Search code examples
pythonxmlxsdauto-generate

generate a full XML file with python


I need to machine generate (not to parse!) a (possibly complex) XML file in Python.

I am (relatively) familiar with xml and lxml modules, but it's unclear to me how to generate a valid XML checked against an xsl spec.

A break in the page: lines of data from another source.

text \<open>By the envelope theorem, \<open>g_{i,j} = -\<Sum>_a \<partial>_i p_{\<theta>,a} H_j(a)\<close>.\<close>
lemma metric_response:
  fixes h :: "'a::finite \<Rightarrow> real \<Rightarrow> real" and H :: "'n::finite \<Rightarrow> 'a \<Rightarrow> real"
  assumes vpD: "\<And>\<theta>'. \<theta>' \<in> D0 \<Longrightarrow> var_principle h H \<theta>' (ptheta h H \<theta>')"
    and "open D0" and \<theta>_in: "\<theta> \<in> D0"
    and p_diff: "\<And>a. (\<lambda>\<theta>'. ptheta h H \<theta>' a) differentiable (at \<theta>)"
    and g_exists: "metric_g_exists h H \<theta> i j"
  shows "metric_g h H \<theta> i j = - (\<Sum>a\<in>UNIV. partial_deriv (\<lambda>\<theta>'. ptheta h H \<theta>' a) i \<theta> * H j a)"
proof -
  have "eventually (\<lambda>\<theta>'. \<theta>' \<in> D0 \<and> has_partial (massieu h H) j \<theta>') (nhds \<theta>)"
    using g_exists eventually_nhds_in_open[OF \<open>open D0\<close> \<theta>_in]
    by (simp add: metric_g_exists_def eventually_conj)
  hence ev: "eventually (\<lambda>t. partial_deriv (massieu h H) j (\<theta> + t *\<^sub>R axis i 1)
           = - (\<Sum>a\<in>UNIV. ptheta h H (\<theta> + t *\<^sub>R axis i 1) a * H j a)) (nhds 0)"
  proof (rule eventually_mono[OF eventually_along_axis[where i=i]])
    fix t assume "\<theta> + t *\<^sub>R axis i 1 \<in> D0 \<and> has_partial (massieu h H) j (\<theta> + t *\<^sub>R axis i 1)"
    with massieu_partial[OF vpD \<open>open D0\<close>]
    show "partial_deriv (massieu h H) j (\<theta> + t *\<^sub>R axis i 1)
        = - (\<Sum>a\<in>UNIV. ptheta h H (\<theta> + t *\<^sub>R axis i 1) a * H j a)"
      by (simp add: pairing_def)
  qed
  have "((\<lambda>t. - (\<Sum>a\<in>UNIV. ptheta h H (\<theta> + t *\<^sub>R axis i 1) a * H j a)) has_real_derivative
      - (\<Sum>a\<in>UNIV. partial_deriv (\<lambda>\<theta>'. ptheta h H \<theta>' a) i \<theta> * H j a)) (at 0)"
    by (intro derivative_intros DERIV_cmult_right partial_deriv_along_axis p_diff)
  hence "((\<lambda>t. partial_deriv (massieu h H) j (\<theta> + t *\<^sub>R axis i 1)) has_real_derivative
      - (\<Sum>a\<in>UNIV. partial_deriv (\<lambda>\<theta>'. ptheta h H \<theta>' a) i \<theta> * H j a)) (at 0)"
    using DERIV_cong_ev[OF refl ev refl] by simp
  thus ?thesis unfolding metric_g_def partial_deriv_def[of "partial_deriv (massieu h H) j"]
    by (rule DERIV_imp_deriv)
qed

What I need to build is something like:

<?xml version='1.0' encoding='utf-8'?>
<package xmlns="http://www.idpf.org/2007/opf" unique-identifier="uuid_id" version="2.0">
    <metadata xmlns:dc="http://purl.org/dc/elements/1.1/" xmlns:opf="http://www.idpf.org/2007/opf">
        <dc:identifier opf:scheme="calibre" id="calibre_id">4117</dc:identifier>
        <dc:identifier opf:scheme="uuid" id="uuid_id">d06a2234-67b4-40db-8f4a-136e52057101</dc:identifier>
        <dc:title>La Fine Di Alice</dc:title>
        <dc:creator opf:file-as="Homes, A. M." opf:role="aut">A. M. Homes</dc:creator>
        <dc:contributor opf:file-as="calibre" opf:role="bkp">calibre (3.10.0) [https://calibre-ebook.com]</dc:contributor>
        <dc:date>2005-11-15T00:00:00+00:00</dc:date>
        <dc:publisher>Minimum Fax</dc:publisher>
        <dc:identifier opf:scheme="ISBN">9788875210649</dc:identifier>
        <dc:language>en</dc:language>
        <meta content="{&quot;A. M. Homes&quot;: &quot;&quot;}" name="calibre:author_link_map"/>
        <meta content="2017-11-07T07:34:41.217796+00:00" name="calibre:timestamp"/>
        <meta content="La Fine Di Alice" name="calibre:title_sort"/>
    </metadata>
    <guide>
        <reference href="cover.jpg" title="Cover" type="cover"/>
    </guide>
</package>

The complete grammar is here.

I tried something along the lines:

from lxml import etree as ET

et = ET.Element('package', attrib={'version': "2.0", 'xmlns': "http://www.idpf.org/2007/opf", 'unique-identifier': "BookId"})
md = ET.SubElement(et, 'metadata', attrib={'xmlns:dc': "http://purl.org/dc/elements/1.1/", 'xmlns:opf': "http://www.idpf.org/2007/opf"})
au = ET.SubElement(md, 'dc:title')
au.text = bk['Title']

s = ET.tostring(et, pretty_print=True)

... but it fails miserably with: "ValueError: Invalid attribute name 'xmlns:dc'"

Any pointer welcome.


Solution

  • Reference: http://lxml.de/tutorial.html#namespaces

    You mustn't specify the namespace as a :-qualified string. Instead you may use {http://url.url/url}tag form, or QName form.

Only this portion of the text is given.